Rutkowska-Zapała Magdalena, Szaflarska Anna, Kluczewska Anna, Ciȩciwa Julia, Plewka Jacek, Michalska Anna, Siedlar Maciej
Department of Clinical Immunology, Institute of Paediatrics, Jagiellonian University Medical College, Kraków, Poland.
Department of Clinical Immunology, University Children Hospital, Krakow, Poland.
Front Pediatr. 2022 Apr 15;10:858166. doi: 10.3389/fped.2022.858166. eCollection 2022.

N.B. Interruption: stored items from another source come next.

lemma congruent_imp_orbit_V_eq:
  assumes i: "3 \<le> i" "i \<le> m"
    and cp: "config n m i p" and cq: "config n m i q"
    and lp: "is_lift m p P" and lq: "is_lift m q Q"
    and sP: "semi_normalized m i (gram n m P)" and sQ: "semi_normalized m i (gram n m Q)"
    and "congruent_tuples n m p q"
  shows "orbit_V (V_of m i (gram n m P)) = orbit_V (V_of m i (gram n m Q))"
proof -
  obtain A where A: "A \<in> Sp n" "\<forall>k\<in>{1..m}. act n A (p k) = q k"
    using \<open>congruent_tuples n m p q\<close> unfolding congruent_tuples_def by blast
  have "\<forall>k\<in>{1..m}. \<exists>l. mat_app n A (P k) = rsmult (Q k) l"
    using A(2) act_qline_imp_rescaled lift_spans(2)[OF cp lp] lift_spans(2)[OF cq lq] by metis
  then obtain l where l: "\<forall>k\<in>{1..m}. mat_app n A (P k) = rsmult (Q k) (l k)" by meson
  have "\<forall>k\<in>{1..m}. \<forall>j\<in>{1..m}. gram n m P k j = qcnj (l k) * gram n m Q k j * l j"
  proof (intro ballI)
    fix k j assume k: "k \<in> {1..m}" and j: "j \<in> {1..m}"
    have "gram n m P k j = hform n (mat_app n A (P j)) (mat_app n A (P k))"
      using gram_apply[OF k j] Sp_hform[OF A(1)] lift_spans(1)[OF cp lp] j k by simp
    then show "gram n m P k j = qcnj (l k) * gram n m Q k j * l j"
      using l j k hform_rsmult_gram[OF k j] by simp
  qed
  moreover from this have unit: "qnormsq (l 1) = 1" and const: "\<forall>k\<in>{1..m}. l k = l 1"
    using semi_normalized_rescaling_unit[OF sP sQ i] by blast+
  ultimately have "\<forall>k\<in>{1..m}. \<forall>j\<in>{1..m}. gram n m P k j = qcnj (l 1) * gram n m Q k j * l 1"
    by (metis (no_types, lifting))
  then have "V_of m i (gram n m P) = (\<lambda>kj. qcnj (l 1) * V_of m i (gram n m Q) kj * l 1)"
    by (rule V_of_sandwich)
  then show ?thesis using orbit_V_sandwich[OF unit] by simp
qed

lemma orbit_V_eq_imp_congruent:
  assumes n: "n \<ge> 1" and i: "3 \<le> i" "i \<le> m"
    and cp: "config n m i p" and cq: "config n m i q"
    and lp: "is_lift m p P" and lq: "is_lift m q Q"
    and sP: "semi_normalized m i (gram n m P)" and sQ: "semi_normalized m i (gram n m Q)"
    and orb: "orbit_V (V_of m i (gram n m P)) = orbit_V (V_of m i (gram n m Q))"
  shows "congruent_tuples n m p q"
proof -
  obtain \<mu> where \<mu>: "qnormsq \<mu> = 1"
    and V: "V_of m i (gram n m P) = (\<lambda>kj. qcnj \<mu> * V_of m i (gram n m Q) kj * \<mu>)"
  proof -
    have "V_of m i (gram n m P) \<in> orbit_V (V_of m i (gram n m Q))"
      using V_in_orbit_V[of "V_of m i (gram n m P)"] orb by simp
    then show thesis using that unfolding orbit_V_def by blast
  qed
  have rel: "\<forall>k\<in>{1..m}. \<forall>j\<in>{1..m}. gram n m P k j = qcnj \<mu> * gram n m Q k j * \<mu>"
    using semi_normalized_sandwich_of_V[OF sP sQ gram_hermitian gram_hermitian \<mu> V] .
  define R where "R k = rsmult (Q k) \<mu>" for k
  have gram_eq: "\<forall>j\<in>{1..m}. \<forall>k\<in>{1..m}. hform n (P j) (P k) = hform n (R j) (R k)"
    using rel gram_apply hform_rsmult_gram unfolding R_def by metis
  have vecs: "\<forall>k\<in>{1..m}. P k \<in> qvecs n \<and> R k \<in> qvecs n"
    using lift_spans(1)[OF cp lp] lift_spans(1)[OF cq lq] by (simp add: R_def rsmult_qvecs)
  have m: "2 \<le> m" and one: "1 \<in> {1..m}" and two: "2 \<in> {1..m}" using i by auto
  have "gram n m P 1 1 = 0" "gram n m P 2 2 = 0" "gram n m P 1 2 = 1"
    using sP i unfolding semi_normalized_def by auto
  then have "hform n (P 1) (P 1) = 0" "hform n (P 2) (P 2) = 0" "hform n (P 2) (P 1) = 1"
    using gram_apply[OF one one] gram_apply[OF two two] gram_apply[OF one two] by simp_all
  then obtain A where A: "A \<in> Sp n" "\<forall>k\<in>{1..m}. mat_app n A (P k) = R k"
    using Sp_maps_tuple_with_isotropic_pair[OF n m vecs gram_eq] by blast
  have "\<mu> \<noteq> 0" using \<mu> by auto
  then have "\<forall>k\<in>{1..m}. act n A (p k) = q k"
    using A(2) act_qline_of_rescaled lift_spans(2)[OF cp lp] lift_spans(2)[OF cq lq]
    unfolding R_def by metis
  with A(1) show ?thesis unfolding congruent_tuples_def by blast
qed

theorem lemma8p8:
  fixes n m i :: nat
    and p q :: "nat \<Rightarrow> (nat \<Rightarrow> quat) set"
    and P Q :: "nat \<Rightarrow> (nat \<Rightarrow> quat)"
  assumes "n \<ge> 1" and "m \<ge> 4" and "3 \<le> i" and "i \<le> m"
    and "config n m i p" and "config n m i q"
    and "is_lift m p P" and "is_lift m q Q"
    and "semi_normalized m i (gram n m P)"
    and "semi_normalized m i (gram n m Q)"
  shows "congruent_tuples n m p q \<longleftrightarrow>
         orbit_V (V_of m i (gram n m P)) = orbit_V (V_of m i (gram n m Q))"
  using congruent_imp_orbit_V_eq[OF assms(3-10)] orbit_V_eq_imp_congruent[OF assms(1,3-10)]
  by blast

end
(* Let $\mu_0=\rho_0(\theta)d\theta$ and $\mu_1=\rho_1(\theta)d\theta$ be probability measures on $\mathbb{S}^1$ in $\mathcal{M}^+_0$ with densities $\rho_0,\rho_1\in L^1(\mathbb{S}^1)$, and assume there is $c>0$ with $\rho_0(\theta)\ge c$ and $\rho_1(\theta)\ge c$ for a.e. $\theta\in\mathbb{S}^1$. Then $\overline{W}_2(\mu_0,\mu_1)<+\infty$.
   Context: $\mathbb{S}^1$ is identified with $[0,2\pi)$; $\mathcal{M}^+_0$ is the set of positive finite Radon measures $\mu$ on $\mathbb{S}^1$ with $\int e^{i\theta}d\mu(\theta)=0$. A pair $(\rho,m)$ of finite signed Radon measures on $[0,1]\times\mathbb{S}^1$ satisfies the continuity equation $\partial_t\rho+\partial_\theta m=0$ with boundary conditions $\rho_0=\mu_0$, $\rho_1=\mu_1$ if for all $\phi\in C^1([0,1]\times\mathbb{S}^1)$: $\int\partial_t\phi\,d\rho+\int\partial_\theta\phi\,dm=\int_{\mathbb{S}^1}\phi(1,\cdot)d\mu_1-\int_{\mathbb{S}^1}\phi(0,\cdot)d\mu_0$; then $\rho=\rho_t\otimes dt$ for measures $\rho_t$ on $\mathbb{S}^1$. Define $f(d,m)=\frac{|m|^2}{2d}$ if $d>0$, $f(0,0)=0$, $f=+\infty$ otherwise. For $\nu=(\rho,m)$, $\mathcal{A}(\nu)=\int_{[0,1]\times\mathbb{S}^1}f\big(\frac{d\nu}{d\lambda}\big)d\lambda$ for any measure $\lambda$ with $|\rho|,|m|\ll\lambda$. The constrained Wasserstein distance $\overline{W}_2(\mu_0,\mu_1)$ is the infimum of $\mathcal{A}(\rho,m)$ over pairs satisfying the continuity equation with boundary conditions $\mu_0,\mu_1$ and $\int_{\mathbb{S}^1}e^{i\theta}d\rho_t(\theta)=0$ for a.e. $t\in[0,1]$. *)

theory Defs
  imports "HOL-Probability.Probability"
begin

In this study, we report a 4-month-old boy with TBNK severe combined immunodeficiency (SCID) due to a novel mutation in exon 2 of , the gene encoding the interleukin (IL) common gamma chain (γc) of the cytokine receptors for IL-2, IL-4, IL-7, IL-9, IL-15, and IL-21. The patient was born from a twin pregnancy. He manifested recurrent infections of the gastrointestinal tract, whereas his twin brother was asymptomatic with no immune defects. In order to evaluate the effect of this unreported variant on the protein structure, a structural modeling process was performed showing prominent biochemical alterations of the protein features, including molecular weight, isoelectric charge, and possible changes to its secondary and tertiary structure.
在本研究中,我们报告了一名4个月大的男孩,他因编码白细胞介素(IL)-2、IL-4、IL-7、IL-9、IL-15和IL-21细胞因子受体共同γ链(γc)的基因外显子2发生新突变,患有TBNK重症联合免疫缺陷(SCID)。该患者为双胎妊娠出生。他表现出反复的胃肠道感染,而他的双胞胎兄弟无症状且无免疫缺陷。为了评估这种未报道的变体对蛋白质结构的影响,我们进行了结构建模过程,结果显示该蛋白质特征存在显著的生化改变,包括分子量、等电点以及其二、三级结构可能发生的变化。